>> Then in a catastrophic event charges could fire seperating the plain into compartments which could be carried to earth safely. Each section could have air tight emergency doors which seals when the charges fire
The airlines won't even put locks on the cockpit doors to keep terrorists out, you think they'll spring for that?
>> Even if it is too hard a task for a computer to leap beyond dull drap monotone for straight text to speech, do you know of any attempts at emphasis tags?
Sure, it's used in video games all the time.. Stuff like the commentator chatter in the background of a recent sports title. It's evolved beyond just a bunch of voice samples strung together.
It's also in windows.. Clippy the paperclip, merlin the wizard, those guys are generated by the "Agent" activeX control. They use text to speech, and you can augment it with metatags to make the speech sound more natural.

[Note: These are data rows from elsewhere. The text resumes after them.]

(* Let $r\ge1$, $p_n\in[0,1]$, $L\ge1$, and $\mathbf s_1,\dots,\mathbf s_L\in V(G_n)_r$ with $a=|\bigcup_{j=1}^L\bar{\mathbf s}_j|$, and assume $\bar{\mathbf s}_i\cap\bigcup_{j\ne i}\bar{\mathbf s}_j\ne\emptyset$ for all $1\le i\le L$. Then $$\big|\mathbb E[Z_{\mathbf s_1}Z_{\mathbf s_2}\cdots Z_{\mathbf s_L}]-p_n^a\big|\le(2^L-1)p_n^{a+1}.$$ Moreover, for $L=2$, $\mathbb E[Z_{\mathbf s_1}Z_{\mathbf s_2}]\ge p_n^a(1-p_n)\ge0$.
   Context: $V(G_n)$ is a finite vertex set; $V(G_n)_r$ is the set of $r$-tuples of distinct elements, $\bar{\mathbf s}$ the set of entries of $\mathbf s$. $\{X_v\}_{v\in V(G_n)}$ are i.i.d. Bernoulli$(p_n)$, $X_{\mathbf s}=\prod_{u=1}^rX_{s_u}$, $Z_{\mathbf s}=X_{\mathbf s}-p_n^r$. *)

theory Defs
  imports "HOL-Probability.Probability"
begin

text \<open>The i.i.d. Bernoulli(p) family {X_v} on the finite vertex set V, as a product pmf
  of configurations X :: 'a \<Rightarrow> bool (X v = True means X_v = 1; default False off V).\<close>
definition bern_field :: "'a set \<Rightarrow> real \<Rightarrow> ('a \<Rightarrow> bool) pmf" where
  "bern_field V p = Pi_pmf V False (\<lambda>_. bernoulli_pmf p)"

definition Xs :: "('a \<Rightarrow> bool) \<Rightarrow> 'a list \<Rightarrow> real" where
  "Xs X s = prod_list (map (\<lambda>v. of_bool (X v)) s)"

definition Zs :: "real \<Rightarrow> ('a \<Rightarrow> bool) \<Rightarrow> 'a list \<Rightarrow> real" where
  "Zs p X s = Xs X s - p ^ length s"

end

theory Submission
  imports Defs
begin

text \<open>Expanding \<open>\<Prod>j\<in>I. (X\<^sub>s\<^sub>j - p\<^sup>r)\<close> over the subsets \<open>S \<subseteq> I\<close> and using
  \<open>\<Prod>j\<in>S. X\<^sub>s\<^sub>j = \<Prod>v\<in>\<Union>j\<in>S. s\<^sub>j. X\<^sub>v\<close> gives
  \<open>E[\<Prod>j\<in>I. Z\<^sub>s\<^sub>j] = \<Sum>S\<subseteq>I. p\<^bsup>|\<Union>j\<in>S. s\<^sub>j|\<^esup> (-p\<^sup>r)\<^bsup>|I - S|\<^esup>\<close>.
  The term \<open>S = I\<close> is \<open>p\<^sup>a\<close>. For a proper subset \<open>S\<close>, pick \<open>j\<^sub>0 \<in> I - S\<close>: since \<open>s\<^sub>j\<^sub>0\<close>
  meets the other tuples, the union of all tuples has fewer than
  \<open>|\<Union>j\<in>S. s\<^sub>j| + r |I - S|\<close> elements, so the term has modulus at most \<open>p\<^bsup>a+1\<^esup>\<close>;
  there are \<open>2\<^sup>L - 1\<close> such terms. For two tuples the expansion is exact:
  \<open>E[Z\<^sub>s\<^sub>1 Z\<^sub>s\<^sub>2] = p\<^sup>a - p\<^bsup>2r\<^esup>\<close> with \<open>a < 2r\<close>.\<close>

lemma prod_of_bool_eq:
  "finite A \<Longrightarrow> (\<Prod>x\<in>A. (of_bool (P x) :: 'b :: comm_semiring_1)) = of_bool (\<forall>x\<in>A. P x)"
  by (induction A rule: finite_induct) auto

lemma Xs_eq_of_bool: "Xs X s = of_bool (\<forall>v\<in>set s. X v)"
  unfolding Xs_def by (induction s) auto

lemma Xs_append: "Xs X (t @ u) = Xs X t * Xs X u"
  unfolding Xs_def by simp

lemma prod_Xs_eq_of_bool_Union:
  "finite I \<Longrightarrow> (\<Prod>j\<in>I. Xs X (s j)) = of_bool (\<forall>v\<in>(\<Union>j\<in>I. set (s j)). X v)"
  by (simp add: Xs_eq_of_bool prod_of_bool_eq)

lemma finite_set_pmf_bern_field: "finite V \<Longrightarrow> finite (set_pmf (bern_field V p))"
  unfolding bern_field_def by (rule finite_subset[OF set_Pi_pmf_subset']) auto

lemma integrable_bern_field:
  "finite V \<Longrightarrow> integrable (measure_pmf (bern_field V p)) (f :: _ \<Rightarrow> real)"
  by (rule integrable_measure_pmf_finite[OF finite_set_pmf_bern_field])

lemma expectation_bern_field_all:
  assumes "finite V" "A \<subseteq> V" "0 \<le> p" "p \<le> 1"
  shows "measure_pmf.expectation (bern_field V p) (\<lambda>X. of_bool (\<forall>v\<in>A. X v)) = p ^ card A"
proof -
  have "finite A" using assms(1,2) finite_subset by blast
  then have product_form:
    "of_bool (\<forall>v\<in>A. X v) = (\<Prod>v\<in>V. if v \<in> A then of_bool (X v) else (1 :: real))"
    for X using assms(1,2) by (simp add: prod_of_bool_eq prod.If_cases Int_absorb1)
  have "measure_pmf.expectation (bern_field V p) (\<lambda>X. of_bool (\<forall>v\<in>A. X v) :: real)
      = measure_pmf.expectation (Pi_pmf V False (\<lambda>_. bernoulli_pmf p))
          (\<lambda>X. \<Prod>v\<in>V. if v \<in> A then of_bool (X v) else 1)"
    unfolding bern_field_def by (simp only: product_form)
  also have "\<dots> = (\<Prod>v\<in>V. measure_pmf.expectation (bernoulli_pmf p)
      (\<lambda>b. if v \<in> A then of_bool b else 1))"
    by (rule expectation_prod_Pi_pmf[where f = "\<lambda>v b. if v \<in> A then of_bool b else 1"])
      (auto intro: assms integrable_measure_pmf_finite)
  also have "\<dots> = (\<Prod>v\<in>V. if v \<in> A then p else 1)"
    using assms by (intro prod.cong) auto
  also have "\<dots> = p ^ card A"
    using assms(1,2) by (simp add: prod.If_cases Int_absorb1)
  finally show ?thesis .
qed

lemma expectation_Xs:
  assumes "finite V" "set t \<subseteq> V" "0 \<le> p" "p \<le> 1"
  shows "measure_pmf.expectation (bern_field V p) (\<lambda>X. Xs X t) = p ^ card (set t)"
  using expectation_bern_field_all[OF assms] by (simp add: Xs_eq_of_bool)

lemma expectation_prod_Zs:
  assumes "finite V" "finite I" "0 \<le> p" "p \<le> 1" "\<forall>j\<in>I. set (s j) \<subseteq> V"
  shows "measure_pmf.expectation (bern_field V p) (\<lambda>X. \<Prod>j\<in>I. Zs p X (s j))
    = (\<Sum>S\<in>Pow I. p ^ card (\<Union>j\<in>S. set (s j)) * (\<Prod>j\<in>I - S. - (p ^ length (s j))))"
proof -
  have expand: "(\<Prod>j\<in>I. Zs p X (s j))
      = (\<Sum>S\<in>Pow I. (\<Prod>j\<in>S. Xs X (s j)) * (\<Prod>j\<in>I - S. - (p ^ length (s j))))" for X
    unfolding Zs_def using prod_add[OF assms(2), of "\<lambda>j. Xs X (s j)" "\<lambda>j. - (p ^ length (s j))"]
    by simp
  have moment: "measure_pmf.expectation (bern_field V p) (\<lambda>X. \<Prod>j\<in>S. Xs X (s j))
      = p ^ card (\<Union>j\<in>S. set (s j))" if "S \<in> Pow I" for S
  proof -
    have "finite S" "(\<Union>j\<in>S. set (s j)) \<subseteq> V"
      using that assms(2,5) finite_subset by auto
    then show ?thesis
      unfolding prod_Xs_eq_of_bool_Union[OF \<open>finite S\<close>]
      using expectation_bern_field_all[OF assms(1) _ assms(3,4)] by blast
  qed
  show ?thesis
    unfolding expand
    by (simp add: Bochner_Integration.integral_sum[OF integrable_bern_field[OF assms(1)]] moment)
qed

lemma card_Union_less_if_overlapping:
  assumes "finite I" and overlap: "\<forall>i\<in>I. set (s i) \<inter> (\<Union>j\<in>I - {i}. set (s j)) \<noteq> {}"
    and "S \<subset> I"
  shows "card (\<Union>j\<in>I. set (s j)) < card (\<Union>j\<in>S. set (s j)) + (\<Sum>j\<in>I - S. card (set (s j)))"
proof -
  obtain j0 where j0: "j0 \<in> I" "j0 \<notin> S" using \<open>S \<subset> I\<close> by auto
  define R where "R = (\<Union>j\<in>I - {j0}. set (s j))"
  have "finite R" unfolding R_def using \<open>finite I\<close> by auto
  have "(\<Union>j\<in>I. set (s j)) = set (s j0) \<union> R" using j0 unfolding R_def by auto
  moreover have "card (set (s j0) \<union> R) < card (set (s j0)) + card R"
  proof -
    have "set (s j0) \<inter> R \<noteq> {}" using overlap j0 unfolding R_def by auto
    then have "card (set (s j0) \<inter> R) > 0" using \<open>finite R\<close> by (simp add: card_gt_0_iff)
    then show ?thesis using card_Un_Int[of "set (s j0)" R] \<open>finite R\<close> by simp
  qed
  moreover have "card R \<le> card (\<Union>j\<in>S. set (s j)) + (\<Sum>j\<in>I - S - {j0}. card (set (s j)))"
  proof -
    have "R = (\<Union>j\<in>S. set (s j)) \<union> (\<Union>j\<in>I - S - {j0}. set (s j))"
      using j0 \<open>S \<subset> I\<close> unfolding R_def by auto
    then have "card R \<le> card (\<Union>j\<in>S. set (s j)) + card (\<Union>j\<in>I - S - {j0}. set (s j))"
      by (simp add: card_Un_le)
    also have "card (\<Union>j\<in>I - S - {j0}. set (s j)) \<le> (\<Sum>j\<in>I - S - {j0}. card (set (s j)))"
      using \<open>finite I\<close> by (intro card_UN_le) auto
    finally show ?thesis by simp
  qed
  moreover have "(\<Sum>j\<in>I - S. card (set (s j))) = card (set (s j0)) + (\<Sum>j\<in>I - S - {j0}. card (set (s j)))"
    using j0 \<open>finite I\<close> by (subst sum.remove[of _ j0]) auto
  ultimately show ?thesis by simp
qed

lemma expectation_prod_Zs_bound:
  assumes "finite V" "finite I" "0 \<le> p" "p \<le> 1"
    and tuples: "\<forall>j\<in>I. distinct (s j) \<and> set (s j) \<subseteq> V"
    and overlap: "\<forall>i\<in>I. set (s i) \<inter> (\<Union>j\<in>I - {i}. set (s j)) \<noteq> {}"
  defines "a \<equiv> card (\<Union>j\<in>I. set (s j))"
  shows "\<bar>measure_pmf.expectation (bern_field V p) (\<lambda>X. \<Prod>j\<in>I. Zs p X (s j)) - p ^ a\<bar>
    \<le> (2 ^ card I - 1) * p ^ (a + 1)"
proof -
  define t where "t S = p ^ card (\<Union>j\<in>S. set (s j)) * (\<Prod>j\<in>I - S. - (p ^ length (s j)))" for S
  have "measure_pmf.expectation (bern_field V p) (\<lambda>X. \<Prod>j\<in>I. Zs p X (s j)) = (\<Sum>S\<in>Pow I. t S)"
    unfolding t_def using assms(1-4) tuples by (intro expectation_prod_Zs) auto
  also have "\<dots> = t I + (\<Sum>S\<in>Pow I - {I}. t S)"
    using \<open>finite I\<close> by (intro sum.remove) auto
  finally have "\<bar>measure_pmf.expectation (bern_field V p) (\<lambda>X. \<Prod>j\<in>I. Zs p X (s j)) - p ^ a\<bar>
      = \<bar>\<Sum>S\<in>Pow I - {I}. t S\<bar>"
    unfolding t_def a_def by simp
  also have "\<dots> \<le> (\<Sum>S\<in>Pow I - {I}. \<bar>t S\<bar>)"
    by (rule sum_abs)
  also have "\<dots> \<le> (\<Sum>S\<in>Pow I - {I}. p ^ (a + 1))"
  proof (intro sum_mono)
    fix S assume "S \<in> Pow I - {I}"
    then have "S \<subset> I" by auto
    have lengths: "(\<Sum>j\<in>I - S. length (s j)) = (\<Sum>j\<in>I - S. card (set (s j)))"
      using tuples by (intro sum.cong) (auto simp: distinct_card)
    have "\<bar>t S\<bar> = p ^ (card (\<Union>j\<in>S. set (s j)) + (\<Sum>j\<in>I - S. length (s j)))"
      unfolding t_def using \<open>0 \<le> p\<close>
      by (simp add: abs_mult abs_prod power_abs power_add power_sum)
    also have "\<dots> \<le> p ^ (a + 1)"
      using card_Union_less_if_overlapping[OF \<open>finite I\<close> overlap \<open>S \<subset> I\<close>] lengths assms(3,4)
      unfolding a_def by (intro power_decreasing) auto
    finally show "\<bar>t S\<bar> \<le> p ^ (a + 1)" .
  qed
  also have "\<dots> = (2 ^ card I - 1) * p ^ (a + 1)"
    using \<open>finite I\<close> by (simp add: card_Diff_singleton card_Pow)
  finally show ?thesis .
qed

lemma expectation_Zs_mult_Zs:
  assumes "finite V" "0 \<le> p" "p \<le> 1"
    and "distinct t" "distinct u" "set t \<subseteq> V" "set u \<subseteq> V"
  shows "measure_pmf.expectation (bern_field V p) (\<lambda>X. Zs p X t * Zs p X u)
    = p ^ card (set t \<union> set u) - p ^ (length t + length u)"
proof -
  have "(\<lambda>X. Zs p X t * Zs p X u)
      = (\<lambda>X. Xs X (t @ u) - p ^ length u * Xs X t - p ^ length t * Xs X u + p ^ (length t + length u))"
    unfolding Zs_def Xs_append by (auto simp: algebra_simps power_add)
  then show ?thesis
    using assms expectation_Xs[OF assms(1) _ assms(2,3)]
    by (simp add: integrable_bern_field distinct_card power_add)
qed

lemma expectation_Zs_mult_Zs_ge:
  assumes "finite V" "0 \<le> p" "p \<le> 1"
    and "distinct t" "distinct u" "set t \<subseteq> V" "set u \<subseteq> V" "set t \<inter> set u \<noteq> {}"
  shows "measure_pmf.expectation (bern_field V p) (\<lambda>X. Zs p X t * Zs p X u)
    \<ge> p ^ card (set t \<union> set u) * (1 - p)"
proof -
  have "card (set t \<union> set u) < length t + length u"
    using card_Un_Int[of "set t" "set u"] \<open>set t \<inter> set u \<noteq> {}\<close> assms(4,5)
    by (simp add: distinct_card card_gt_0_iff)
  then have "p ^ (length t + length u) \<le> p ^ (card (set t \<union> set u) + 1)"
    using assms(2,3) by (intro power_decreasing) auto
  then show ?thesis
    unfolding expectation_Zs_mult_Zs[OF assms(1-7)] by (simp add: algebra_simps)
qed

theorem lemma4p1:
  fixes V :: "'a set" and p :: real and r L :: nat and s :: "nat \<Rightarrow> 'a list"
  assumes "finite V"
    and "r \<ge> 1" and "0 \<le> p" and "p \<le> 1" and "L \<ge> 1"
    and "\<forall>j<L. length (s j) = r \<and> distinct (s j) \<and> set (s j) \<subseteq> V"
    and "\<forall>i<L. set (s i) \<inter> (\<Union>j\<in>{..<L} - {i}. set (s j)) \<noteq> {}"
  shows "\<bar>measure_pmf.expectation (bern_field V p) (\<lambda>X. \<Prod>j<L. Zs p X (s j))
            - p ^ card (\<Union>j<L. set (s j))\<bar>
           \<le> (2 ^ L - 1) * p ^ (card (\<Union>j<L. set (s j)) + 1)
         \<and> (L = 2 \<longrightarrow>
           measure_pmf.expectation (bern_field V p) (\<lambda>X. Zs p X (s 0) * Zs p X (s 1))
             \<ge> p ^ card (\<Union>j<L. set (s j)) * (1 - p)
         \<and> p ^ card (\<Union>j<L. set (s j)) * (1 - p) \<ge> 0)"
proof -
  have bound: "\<bar>measure_pmf.expectation (bern_field V p) (\<lambda>X. \<Prod>j<L. Zs p X (s j))
      - p ^ card (\<Union>j<L. set (s j))\<bar> \<le> (2 ^ L - 1) * p ^ (card (\<Union>j<L. set (s j)) + 1)"
  proof -
    have "\<forall>j\<in>{..<L}. distinct (s j) \<and> set (s j) \<subseteq> V"
      using assms(6) by simp
    moreover have "\<forall>i\<in>{..<L}. set (s i) \<inter> (\<Union>j\<in>{..<L} - {i}. set (s j)) \<noteq> {}"
      using assms(7) by simp
    ultimately show ?thesis
      using expectation_prod_Zs_bound[OF assms(1) finite_lessThan assms(3,4)]
      unfolding card_lessThan by blast
  qed
  have pair: "measure_pmf.expectation (bern_field V p) (\<lambda>X. Zs p X (s 0) * Zs p X (s 1))
      \<ge> p ^ card (\<Union>j<L. set (s j)) * (1 - p)" if "L = 2"
  proof -
    have indices: "{..<L} = {0, 1}" "{..<L} - {0} = {1}"
      using that by auto
    have "distinct (s 0)" "set (s 0) \<subseteq> V" "distinct (s 1)" "set (s 1) \<subseteq> V"
      using assms(6) that by simp_all
    moreover have "set (s 0) \<inter> set (s 1) \<noteq> {}"
      using assms(7)[rule_format, of 0] that unfolding indices(2) by simp
    ultimately have "measure_pmf.expectation (bern_field V p) (\<lambda>X. Zs p X (s 0) * Zs p X (s 1))
        \<ge> p ^ card (set (s 0) \<union> set (s 1)) * (1 - p)"
      by (intro expectation_Zs_mult_Zs_ge assms(1,3,4))
    then show ?thesis
      by (simp add: indices(1))
  qed
  show ?thesis using bound pair assms(3,4) by simp
qed

end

But it takes too much massaging of the input. To format, say, this post so it could be 'spoken' in a more natural manner, would take longer than it took to write it.
To have a computer do everything automagically, that computer would have to have a good understanding of the english language, which is fairly complex and full of subtleties.
Then take the example of most asian languages, where the enunciation of a given word completely changes its meaning.
It's not just the phonetic sounds, but the multitude of various inflections and emphasis' that are lacking, and are pretty hard to reproduce, unless the TTS engine can interpret the meaning of the text.
Raising the voice at the end of a question may be easy enough. But how much? When? This is a question too, is it not?
A good orator would read a more 'exciting' passage more quickly, and with more enthusiasm, punctuating key verbs and nouns. How is software to know which passages are more exciting, and which arent?
It's not just a hard task for computers, but people too. Computers read aloud at about the same level as poor orator. Pho-net-i-call-y, in a dull drab monotone. Drop by the local high school, and listen to them reading shakespeare.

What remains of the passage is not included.